As the leading theme, there are an increasing number of racial equity oriented MDFs such as:

  • Neighborhood Economics’ Common Cents. Investing in community development in the places where the Neighborhood Economics conference takes place. Last year, it was Jackson, Mississippi. At the end of this month, it will convene in San Antonio. The MDF will be making one or more investments in each city, building over time to a set of local portfolios. The MDF has attracted its first $25,000 as donors of $250 or more participate in sourcing the portfolio. Donors of $25,000+ may recover capital to their own DAFs later. 
  • Navajo Power Fund. This MDF feeds into investment vehicles of Navajo Power to build solar power installations on tribal land for the benefit of indigenous people. All donors may recover pro rata capital with upside to their own DAF at a $25,000 minimum.
  • And Community Impact Investments working in Philadelphia, with an eye to being replicated in other cities, and Founders First Social Justice Innovative Finance Fund, affiliated with and leveraging the work of Founders First Capital Partners round out this category.

And here are further examples of a broad spectrum of impact themes;

  • Sea Forward Ocean Health. Investing to support a sustainable ocean, into funds, companies and grants where donors can participate in sourcing the portfolio, volunteer for investment committee or diligence work, and at $250,000+ (or $50k annually for 5yrs) may recover pro rata capital with upside to their own DAF.
  • Shona Capital Fund. Financing small enterprises in Uganda through investing in Shona Capital. All donors may recover pro rata capital with upside to their own DAF at $10,000+.
  • Cavendish Innovation Fund. Health sciences, all donors become part of a community that invests the capital into an evergreen endowment managed by Cavendish Impact Foundation.
  • SmartJob. Investing in tech innovation and job creation for people with disabilities, donors become part of a community building an evergreen endowment and receive reporting and specialized engagement. Larger donors at $300,000+ get customized portfolios.

In addition, funder networks such as SV2 and New Media Ventures Fund, and MBA-affiliated programs such as those at Harvard, MIT and Stanford, run impact investing portfolios funded by multiple donors that focus on various themes and use the portfolio to create community experiences for their members, alumni and/or students.

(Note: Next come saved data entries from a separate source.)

lemma phi_eps_cis:
  assumes "cmod \<epsilon> = 1"
  shows "cis (2 * phi_eps \<epsilon>) = \<epsilon>"
proof -
  define p where "p = Arg \<epsilon> / 2"
  have "cis (2 * p) = \<epsilon>"
    using cis_Arg[of \<epsilon>] assms by (cases "\<epsilon> = 0") (auto simp: p_def sgn_div_norm)
  then have p: "- (pi / 2) < p \<and> p \<le> pi / 2 \<and> \<epsilon> = exp (2 * \<i> * complex_of_real p)"
    unfolding exp_two_i_eq_cis using Arg_bounded[of \<epsilon>] by (auto simp: p_def)
  have "phi_eps \<epsilon> = p"
    unfolding phi_eps_def
  proof (rule the_equality)
    fix q assume q: "- (pi / 2) < q \<and> q \<le> pi / 2 \<and> \<epsilon> = exp (2 * \<i> * complex_of_real q)"
    have "cis (2 * (q - p)) = 1"
      using p q assms by (auto simp: exp_two_i_eq_cis right_diff_distrib simp flip: cis_divide)
    then obtain k :: int where k: "q - p = pi * of_int k"
      using cis_two_eq_1_iff by blast
    have "\<bar>q - p\<bar> < pi"
      using p q by linarith
    then have "\<bar>of_int k\<bar> < (1::real)"
      using k by (simp add: abs_mult)
    then have "k = 0" by linarith
    then show "q = p" using k by simp
  qed (rule p)
  then show ?thesis using p by (simp add: exp_two_i_eq_cis)
qed

lemma phase_condition_iff:
  assumes "cmod \<epsilon> = 1"
  shows "(\<exists>k::int. x + phi_eps \<epsilon> = pi * of_int k) \<longleftrightarrow> \<epsilon> = cis (- 2 * x)"
proof -
  have inverse: "cis (- 2 * x) * cis (2 * x) = 1"
    by (simp add: cis_mult)
  have "\<epsilon> = cis (- 2 * x) \<longleftrightarrow> cis (2 * x) * \<epsilon> = 1"
  proof
    assume "cis (2 * x) * \<epsilon> = 1"
    have "\<epsilon> = (cis (- 2 * x) * cis (2 * x)) * \<epsilon>"
      by (simp only: inverse mult_1_left)
    also have "\<dots> = cis (- 2 * x)"
      by (simp only: mult.assoc \<open>cis (2 * x) * \<epsilon> = 1\<close> mult_1_right)
    finally show "\<epsilon> = cis (- 2 * x)" .
  qed (use inverse in \<open>simp only: mult.commute\<close>)
  also have "cis (2 * x) * \<epsilon> = cis (2 * (x + phi_eps \<epsilon>))"
    using phi_eps_cis[OF assms] cis_mult[of "2 * x" "2 * phi_eps \<epsilon>"] by (simp add: distrib_left)
  finally have "\<epsilon> = cis (- 2 * x) \<longleftrightarrow> (\<exists>k::int. x + phi_eps \<epsilon> = pi * of_int k)"
    by (simp only: cis_two_eq_1_iff)
  then show ?thesis
    by blast
qed
lemma eval_within_complete: "eval p [x] y \<Longrightarrow> eventually (\<lambda>t. eval_within (recf_code p) x t y) sequentially"
proof -
  assume "eval p [x] y"
  then obtain D where D: "finite D" "deriv_closed (\<lambda>G. G \<in> D) (\<lambda>_. True)"
    "eval_code (recf_code p) (list_encode [x]) y \<in> D"
    using eval_derivable unfolding derivable_def by blast
  have "eval_within (recf_code p) x t y" if "Suc (set_encode D) \<le> t" for t
    unfolding eval_within_def using closed_code_set_encode[OF D(1,2)] D(3) that
    by (intro exI[of _ "set_encode D"]) (simp add: set_encode_inverse[OF D(1)])
  then show ?thesis unfolding eventually_sequentially by blast
qed

lemma computable_fun_code_Cons:
  "computable_fun a \<Longrightarrow> computable_fun b \<Longrightarrow> computable_fun (\<lambda>x. code_Cons (a x) (b x))"
  unfolding code_Cons_def by (intro computable_intros)

lemma computable_fun_code_hd: "computable_fun a \<Longrightarrow> computable_fun (\<lambda>x. code_hd (a x))"
  unfolding code_hd_def by (intro computable_intros)

lemma computable_fun_code_tl: "computable_fun a \<Longrightarrow> computable_fun (\<lambda>x. code_tl (a x))"
  unfolding code_tl_def by (intro computable_intros)

lemma computable_fun_code_drop:
  "computable_fun a \<Longrightarrow> computable_fun b \<Longrightarrow> computable_fun (\<lambda>x. code_drop (a x) (b x))"
  unfolding code_drop_def by (intro computable_fun_rec_nat computable_fun_code_tl computable_intros)

lemma computable_fun_code_nth:
  "computable_fun a \<Longrightarrow> computable_fun b \<Longrightarrow> computable_fun (\<lambda>x. code_nth (a x) (b x))"
  unfolding code_nth_def by (intro computable_fun_code_hd computable_fun_code_drop)

lemma computable_fun_code_length:
  assumes "computable_fun a" shows "computable_fun (\<lambda>x. code_length (a x))"
  unfolding code_length_def
  by (intro computable_fun_code_drop computable_fun_comp[OF assms] computable_intros assms)

lemma computable_fun_eval_code:
  "computable_fun a \<Longrightarrow> computable_fun b \<Longrightarrow> computable_fun c \<Longrightarrow>
    computable_fun (\<lambda>x. eval_code (a x) (b x) (c x))"
  unfolding eval_code_def by (intro computable_intros)

lemma computable_fun_power2:
  assumes "computable_fun a" shows "computable_fun (\<lambda>x. 2 ^ a x)"
proof -
  have power2_eq: "(2::nat) ^ n = rec_nat 1 (\<lambda>m r. 2 * r) n" for n by (induction n) auto
  show ?thesis unfolding power2_eq by (intro computable_fun_rec_nat computable_intros assms)
qed

lemma div_eq_card: "(a::nat) div b = (if b = 0 then 0 else card {q. q < a \<and> Suc q * b \<le> a})"
proof (cases "b = 0")
  case False
  have "{q. q < a \<and> Suc q * b \<le> a} = {q. q < a div b}"
  proof (intro set_eqI iffI)
    fix q assume "q \<in> {q. q < a \<and> Suc q * b \<le> a}"
    then show "q \<in> {q. q < a div b}" using False by (simp add: less_eq_div_iff_mult_less_eq flip: Suc_le_eq)
  next
    fix q assume "q \<in> {q. q < a div b}"
    then have "Suc q * b \<le> a" using False by (simp add: less_eq_div_iff_mult_less_eq flip: Suc_le_eq)
    moreover have "q < a" using \<open>q \<in> {q. q < a div b}\<close> by (metis div_le_dividend less_le_trans mem_Collect_eq)
    ultimately show "q \<in> {q. q < a \<and> Suc q * b \<le> a}" by simp
  qed
  then show ?thesis using False by simp
qed simp

lemma computable_fun_div:
  assumes a: "computable_fun a" and b: "computable_fun b"
  shows "computable_fun (\<lambda>x. a x div b x)"
  by (subst div_eq_card) (intro computable_intros computable_fun_comp[OF a] computable_fun_comp[OF b] a b)

lemma computable_pred_in_set_decode:
  assumes "computable_fun a" and "computable_fun b"
  shows "computable_pred (\<lambda>x. a x \<in> set_decode (b x))"
proof -
  have odd_eq: "odd (v::nat) \<longleftrightarrow> v - 2 * (v div 2) = 1" for v by presburger
  show ?thesis
    unfolding set_decode_def mem_Collect_eq odd_eq
    by (intro computable_intros computable_fun_div computable_fun_power2 assms)
qed

lemma computable_pred_closed_code: "computable_pred closed_code"
  unfolding closed_code_def justified_def
  by (intro computable_intros computable_fun_code_Cons computable_fun_code_hd computable_fun_code_tl
      computable_fun_code_nth computable_fun_code_length computable_fun_eval_code
      computable_pred_in_set_decode)

lemma computable_pred_eval_within:
  assumes e: "computable_fun e" and x: "computable_fun x" and t: "computable_fun t" and y: "computable_fun y"
  shows "computable_pred (\<lambda>w. eval_within (e w) (x w) (t w) (y w))"
  unfolding eval_within_def
  by (intro computable_intros computable_pred_comp[OF computable_pred_closed_code]
      computable_fun_code_Cons computable_fun_eval_code computable_pred_in_set_decode
      computable_fun_comp[OF e] computable_fun_comp[OF x] computable_fun_comp[OF t]
      computable_fun_comp[OF y] e x t y)

lemma computable_rel_of_pred:
  assumes "computable_pred (\<lambda>z. (nfst z, nsnd z) \<in> R)"
  shows "computable_rel R"
proof -
  have "recfn 2 (\<lambda>xs. (\<lambda>z. if (nfst z, nsnd z) \<in> R then 1 else 0) (npair (xs ! 0) (xs ! 1)))"
    by (rule recfn_op1[OF recfn_if_computable_fun])
      (use assms in \<open>simp add: computable_pred_def, intro recfn_npair recfn_proj, auto\<close>)
  then obtain p where "\<forall>xs. length xs = 2 \<longrightarrow> eval p xs (if (xs ! 0, xs ! 1) \<in> R then 1 else 0)"
    unfolding recfn_def by auto
  then have "eval p [x, y] (if (x, y) \<in> R then 1 else 0)" for x y
    by (drule_tac spec[of _ "[x, y]"]) simp
  then show ?thesis unfolding computable_rel_def by blast
qed
lemma norm_rho: "cmod (rho p q) = (kor_dist p q)\<^sup>2"
proof -
  obtain z u where zu: "hmult (hinv p) q = (z, u)"
    by fastforce
  have "cmod (rho p q) = sqrt (((cmod z)\<^sup>2)\<^sup>2 + 16 * u\<^sup>2)"
    by (simp add: rho_def zu Aof_def cmod_def power_mult_distrib)
  also have "\<dots> = (root 4 (((cmod z)\<^sup>2)\<^sup>2 + 16 * u\<^sup>2))\<^sup>2"
    by (simp add: sqrt_def real_root_mult_exp[of 2 2, simplified])
  finally show ?thesis
    by (simp add: kor_dist_def kor_norm_def zu)
qed

lemma rho_translate_horiz:
  assumes "v \<in> horiz p" and "v' \<in> horiz q"
  shows "rho (p + s *\<^sub>R v) (q + t *\<^sub>R v') = rho p q
     + 2 * fst v * (cnj (fst p) - cnj (fst q)) * of_real s
     + 2 * cnj (fst v') * (fst q - fst p) * of_real t
     + (- 2 * fst v * cnj (fst v')) * of_real s * of_real t
     + fst v * cnj (fst v) * (of_real s)\<^sup>2 + fst v' * cnj (fst v') * (of_real t)\<^sup>2"
  using horiz_snd_eq[OF assms(1)] horiz_snd_eq[OF assms(2)]
  by (simp add: rho_eq scaleR_conv_of_real) algebra

lemma vector_derivative_mixed_Ln_quadratic:
  fixes c00 c10 c01 c11 c20 c02 :: complex
  assumes "c00 \<notin> \<real>\<^sub>\<le>\<^sub>0"
  shows "vector_derivative (\<lambda>s. vector_derivative (\<lambda>t. Ln (c00 + c10 * of_real s + c01 * of_real t
      + c11 * of_real s * of_real t + c20 * (of_real s)\<^sup>2 + c02 * (of_real t)\<^sup>2)) (at 0)) (at 0)
    = (c11 * c00 - c10 * c01) / c00\<^sup>2"
proof -
  define G where "G x y = c00 + c10 * x + c01 * y + c11 * x * y + c20 * x\<^sup>2 + c02 * y\<^sup>2" for x y
  define S where "S = (\<lambda>s. G (of_real s) 0) -` (- \<real>\<^sub>\<le>\<^sub>0)"
  have "open S"
    unfolding S_def by (rule open_vimage) (auto simp: G_def intro!: continuous_intros)
  have "0 \<in> S"
    using assms by (simp add: S_def G_def)
  have inner: "vector_derivative (\<lambda>t. Ln (G (of_real s) (of_real t))) (at 0)
      = (c01 + c11 * of_real s) / G (of_real s) 0" if "s \<in> S" for s
  proof -
    have "((\<lambda>y. Ln (G (of_real s) y)) has_field_derivative
        (c01 + c11 * of_real s) / G (of_real s) 0) (at (of_real 0))"
      using that unfolding S_def G_def
      by (auto intro!: derivative_eq_intros simp: field_simps)
    then show ?thesis
      by (rule vector_derivative_at[OF has_vector_derivative_real_field])
  qed
  have "((\<lambda>x. (c01 + c11 * x) / G x 0) has_field_derivative (c11 * c00 - c10 * c01) / c00\<^sup>2)
      (at (of_real 0))"
    using assms unfolding G_def
    by (auto intro!: derivative_eq_intros simp: field_simps power2_eq_square)
  then have "((\<lambda>s. vector_derivative (\<lambda>t. Ln (G (of_real s) (of_real t))) (at 0))
      has_vector_derivative (c11 * c00 - c10 * c01) / c00\<^sup>2) (at 0)"
    by (rule has_vector_derivative_transform_within_open[OF has_vector_derivative_real_field
          \<open>open S\<close> \<open>0 \<in> S\<close>])
       (simp add: inner)
  then show ?thesis
    unfolding G_def by (rule vector_derivative_at)
qed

it’s not just ImpactAssets hosting MDFs. Our friends at Impact Charitable are home to similar endeavors, including one that some ImpactAssets clients are helping to fund, Unlock Ownership Fund. It supports models of more just and shared ownership. All donors become part of a community to build yet another innovative, evergreen endowment together.

Note: Sea Forward Ocean Health Fund, Shona Capital and Unlock Ownership Fund joined ImpactAssets in a recent recorded event hosted by the impact investor network Toniic, available here.

Here’s to the innovators, moving first, fast and fearlessly!

Multi-donor funds can allow more of us to jump into catalytic capital strategies with emerging managers to prove out nascent theses and create portfolio track records. And, we can do this without the scale requirements and much of the legal work of conventional fund structures.

It’s not just that this construct offers us a new tool for innovation in the field of impact investing and philanthropic endowments, to move into the deeper end of the pool. It’s that they give us a view into how funders want to organize themselves in closer and iterative collaboration with managers and social entrepreneurs. 

Multi donor funds create vehicles for individualized, yet collective, action that can experiment with power sharing, governance, deal sourcing and a deeper relationship to proximate leaders. 

For those that crave fast moving funder communities of action, to deliver a broad spectrum of catalytic capital… multi-donor funds have arrived!


Tim Freundlich is founder & executive director, strategic development of ImpactAssets, an impact investing firm with more than $3 billion in assets under management, as well as a range of impact investing capabilities for families and institutions.